(* Let $N,T\ge 1$, let $p_1,\dots,p_N\in[0,1]$, and let $\mathbf U=(U_1,\dots,U_N)$ have independent coordinates $U_i\sim\mathrm{Ber}(p_i)$. Let $G\in\{0,1\}^{T\times N}$ be a fixed testing matrix, with test results $Y_t=1-\prod_{i=1}^N(1-G_{ti}U_i)$ for $t=1,\dots,T$, and DND estimate $\widehat U_i=\prod_{t=1}^T Y_t^{G_{ti}}$ (with $0^0=1$). Define the expected number of errors $$\mathcal E(G)\triangleq\mathbb E\Big[\sum_{i=1}^N \mathbb 1\{\widehat U_i\neq U_i\}\Big].$$ Then $\mathcal E(G)\ge \mathcal E_{LB}(G)$, where $$\mathcal E_{LB}(G)\triangleq\sum_{i=1}^N(1-p_i)\prod_{t=1}^T\Big(1-G_{ti}\prod_{j=1,\,j\neq i}^N(1-G_{tj}p_j)\Big).$$
   Context: Group testing setup: $N$ individuals, individual $i$ infected ($U_i=1$) independently with known prior probability $p_i$; $G_{ti}=1$ means individual $i$ participates in test $t$; a test is positive iff it contains an infected participant. The Definite Non-Defectives (DND) decoder declares individual $i$ healthy iff $i$ participates in at least one negative test, and infected otherwise. *)

theory Defs
  imports "HOL-Probability.Probability"
begin

text \<open>Individuals are indexed by 0..N-1, tests by 0..T-1.
  G t i is the (0/1-valued) entry of the testing matrix; u i is the infection status.\<close>

definition test_result :: "nat \<Rightarrow> (nat \<Rightarrow> nat \<Rightarrow> nat) \<Rightarrow> (nat \<Rightarrow> bool) \<Rightarrow> nat \<Rightarrow> real" where
  "test_result N G u t = 1 - (\<Prod>i<N. (1 - real (G t i) * of_bool (u i)))"

definition dnd_estimate :: "nat \<Rightarrow> nat \<Rightarrow> (nat \<Rightarrow> nat \<Rightarrow> nat) \<Rightarrow> (nat \<Rightarrow> bool) \<Rightarrow> nat \<Rightarrow> real" where
  "dnd_estimate N T G u i = (\<Prod>t<T. (test_result N G u t) ^ (G t i))"

definition num_errors :: "nat \<Rightarrow> nat \<Rightarrow> (nat \<Rightarrow> nat \<Rightarrow> nat) \<Rightarrow> (nat \<Rightarrow> bool) \<Rightarrow> real" where
  "num_errors N T G u = (\<Sum>i<N. of_bool (dnd_estimate N T G u i \<noteq> of_bool (u i)))"
lemma nullhtp_fpoly_Yv_swapped:
  assumes "q \<ge> 2"
    and mor: "is_mor p q (MF a1 b1 (fpoly p q) Yv) (MF a2 b2 Yv (fpoly p q)) F0 F1"
    and "Leq p q (lsub (lsub b2 b1) Ly) (lsub (lsub b2 Lc) a1)"
  shows "nullhtp p q (MF a1 b1 (fpoly p q) Yv) (MF a2 b2 Yv (fpoly p q)) F0 F1"
  unfolding nullhtp_def mf.sel
proof (intro exI conjI)
  have eq0: "Yv * F0 = F1 * fpoly p q" and eq1: "fpoly p q * F1 = F0 * Yv"
    and F1: "homog p q (lsub b2 b1) F1"
    using mor by (auto simp: is_mor_def)
  from assms(1) eq1 have F1_eq: "F1 = Yv * poly_shift 1 F1"
    by (rule Yv_dvd_of_fpoly_mult)
  show "F1 = Yv * 0 + poly_shift 1 F1 * Yv"
    using F1_eq by (simp add: mult.commute)
  have "Yv * F0 = (Yv * poly_shift 1 F1) * fpoly p q"
    using eq0 F1_eq by metis
  also have "\<dots> = Yv * (fpoly p q * poly_shift 1 F1)"
    by (simp add: ac_simps)
  finally have "Yv * F0 = Yv * (fpoly p q * poly_shift 1 F1)" .
  then show "F0 = 0 * fpoly p q + fpoly p q * poly_shift 1 F1"
    using Yv_nonzero by simp
  have "homog p q (lsub b2 b1) (Yv * poly_shift 1 F1)"
    using F1 F1_eq by simp
  then show "homog p q (lsub (lsub b2 Lc) a1) (poly_shift 1 F1)"
    using homog_Leq homog_Yv_mult assms(3) by blast
qed (rule homog_0)

lemma hom_vanish_Kf_Kf_even:
  assumes "q \<ge> 2" and "k \<noteq> 0"
  shows "hom_vanish p q (2 * k) (Kf p q) (Kf p q)"
  unfolding hom_vanish_def shiftn_even Kf_def mf.sel
  using assms
  by (intro allI impI nullhtp_Yv_fpoly_same[where E = 1, simplified] not_Leq_mdeg_low Leq_of_eq)
    (simp_all add: lat_defs)

lemma hom_vanish_Kf_Kf_odd:
  assumes "q \<ge> 2"
  shows "hom_vanish p q (2 * k + 1) (Kf p q) (Kf p q)"
  unfolding hom_vanish_def shiftn_odd Kf_def mf.sel
  using assms
  by (intro allI impI nullhtp_Yv_fpoly_swapped[where E = "-1", simplified] Leq_of_eq)
    (simp_all add: lat_defs)
lemma shear_iso:
  assumes i: "i \<in> {1..n}" and k: "k \<in> {1..n}" and "k \<noteq> i" and dvd: "q k dvd c * q i"
  shows "shear k i c \<in> iso G G"
proof (rule iso_selfI[where f' = "shear k i (- c)"])
  have closed: "shear k i c' \<in> carrier G \<rightarrow> carrier G" for c'
    using k q_pos by (auto simp: shear_def cycprod_carrier)
  show "shear k i c \<in> carrier G \<rightarrow> carrier G" "shear k i (- c) \<in> carrier G \<rightarrow> carrier G"
    by (rule closed)+
  have inverse: "shear k i (- c') (shear k i c' g) = g" if "g \<in> carrier G" for g c'
  proof -
    have "0 \<le> g k" "g k < q k" using that k by (auto simp: cycprod_carrier)
    then have "((g k + c' * g i) mod q k + - c' * g i) mod q k = g k"
      by (simp add: mod_diff_left_eq)
    then show ?thesis using \<open>k \<noteq> i\<close> by (simp add: shear_def)
  qed
  show "shear k i (- c) (shear k i c g) = g" if "g \<in> carrier G" for g
    using inverse[OF that] .
  show "shear k i c (shear k i (- c) g) = g" if "g \<in> carrier G" for g
    using inverse[OF that, of "- c"] by simp
  show "shear k i c (g \<otimes> h) = shear k i c g \<otimes> shear k i c h" for g h
  proof -
    have "((g k + h k) mod q k + c * ((g i + h i) mod q i)) mod q k
        = ((g k + h k) + (c * ((g i + h i) mod q i)) mod q k) mod q k"
      by (simp add: mod_add_left_eq mod_add_right_eq)
    also have "\<dots> = ((g k + h k) + c * (g i + h i)) mod q k"
      by (simp add: mult_mod_eq_if_dvd[OF dvd] mod_add_right_eq)
    also have "\<dots> = ((g k + c * g i) mod q k + (h k + c * h i) mod q k) mod q k"
      by (simp add: mod_add_eq algebra_simps)
    finally show ?thesis using i k \<open>k \<noteq> i\<close> by (auto simp: shear_def cycprod_mult fun_eq_iff)
  qed
qed

lemma single_coord_mem_Char:
  assumes "odd p" and K: "K \<in> Char G" and g: "g \<in> K" and i: "i \<in> {1..n}"
  shows "single i (g i) \<in> K"
proof -
  have gi: "0 \<le> g i" "g i < q i"
    using subgroup.mem_carrier[OF Char_subgroup[OF K] g] i by (auto simp: cycprod_carrier)
  have "g \<otimes> negate_except i g = single i ((2 * g i) mod q i)"
    using i by (auto simp: cycprod_mult negate_except_def single_def fun_eq_iff mod_add_right_eq)
  moreover have "g \<otimes> negate_except i g \<in> K"
    using subgroup.m_closed[OF Char_subgroup[OF K] g Char_iso_closed[OF K negate_except_iso g]] .
  ultimately have two_g: "single i ((2 * g i) mod q i) \<in> K" by simp
  have "odd (q i)" using \<open>odd p\<close> by simp
  then obtain r where r: "q i = 2 * r + 1" by (rule oddE)
  have "((r + 1) * ((2 * g i) mod q i)) mod q i = ((r + 1) * (2 * g i)) mod q i"
    by (rule mod_mult_right_eq)
  also have "(r + 1) * (2 * g i) = g i + g i * q i" by (simp add: r algebra_simps)
  also have "(g i + g i * q i) mod q i = g i" using gi by simp
  finally show ?thesis using single_mult_mem_Char[OF K i two_g, of "r + 1"] by simp
qed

********

■ **What the task asks**
Return, unchanged, the run of lines above that opens with the line containing "c' \<in> carrier" and closes with the line containing "by (simp add: mod_add_eq algebra_simps)". Include both.

■ **Your solution**
  have closed: "shear k i c' \<in> carrier G \<rightarrow> carrier G" for c'
    using k q_pos by (auto simp: shear_def cycprod_carrier)
  show "shear k i c \<in> carrier G \<rightarrow> carrier G" "shear k i (- c) \<in> carrier G \<rightarrow> carrier G"
    by (rule closed)+
  have inverse: "shear k i (- c') (shear k i c' g) = g" if "g \<in> carrier G" for g c'
  proof -
    have "0 \<le> g k" "g k < q k" using that k by (auto simp: cycprod_carrier)
    then have "((g k + c' * g i) mod q k + - c' * g i) mod q k = g k"
      by (simp add: mod_diff_left_eq)
    then show ?thesis using \<open>k \<noteq> i\<close> by (simp add: shear_def)
  qed
  show "shear k i (- c) (shear k i c g) = g" if "g \<in> carrier G" for g
    using inverse[OF that] .
  show "shear k i c (shear k i (- c) g) = g" if "g \<in> carrier G" for g
    using inverse[OF that, of "- c"] by simp
  show "shear k i c (g \<otimes> h) = shear k i c g \<otimes> shear k i c h" for g h
  proof -
    have "((g k + h k) mod q k + c * ((g i + h i) mod q i)) mod q k
        = ((g k + h k) + (c * ((g i + h i) mod q i)) mod q k) mod q k"
      by (simp add: mod_add_left_eq mod_add_right_eq)
    also have "\<dots> = ((g k + h k) + c * (g i + h i)) mod q k"
      by (simp add: mult_mod_eq_if_dvd[OF dvd] mod_add_right_eq)
    also have "\<dots> = ((g k + c * g i) mod q k + (h k + c * h i) mod q k) mod q k"
      by (simp add: mod_add_eq algebra_simps)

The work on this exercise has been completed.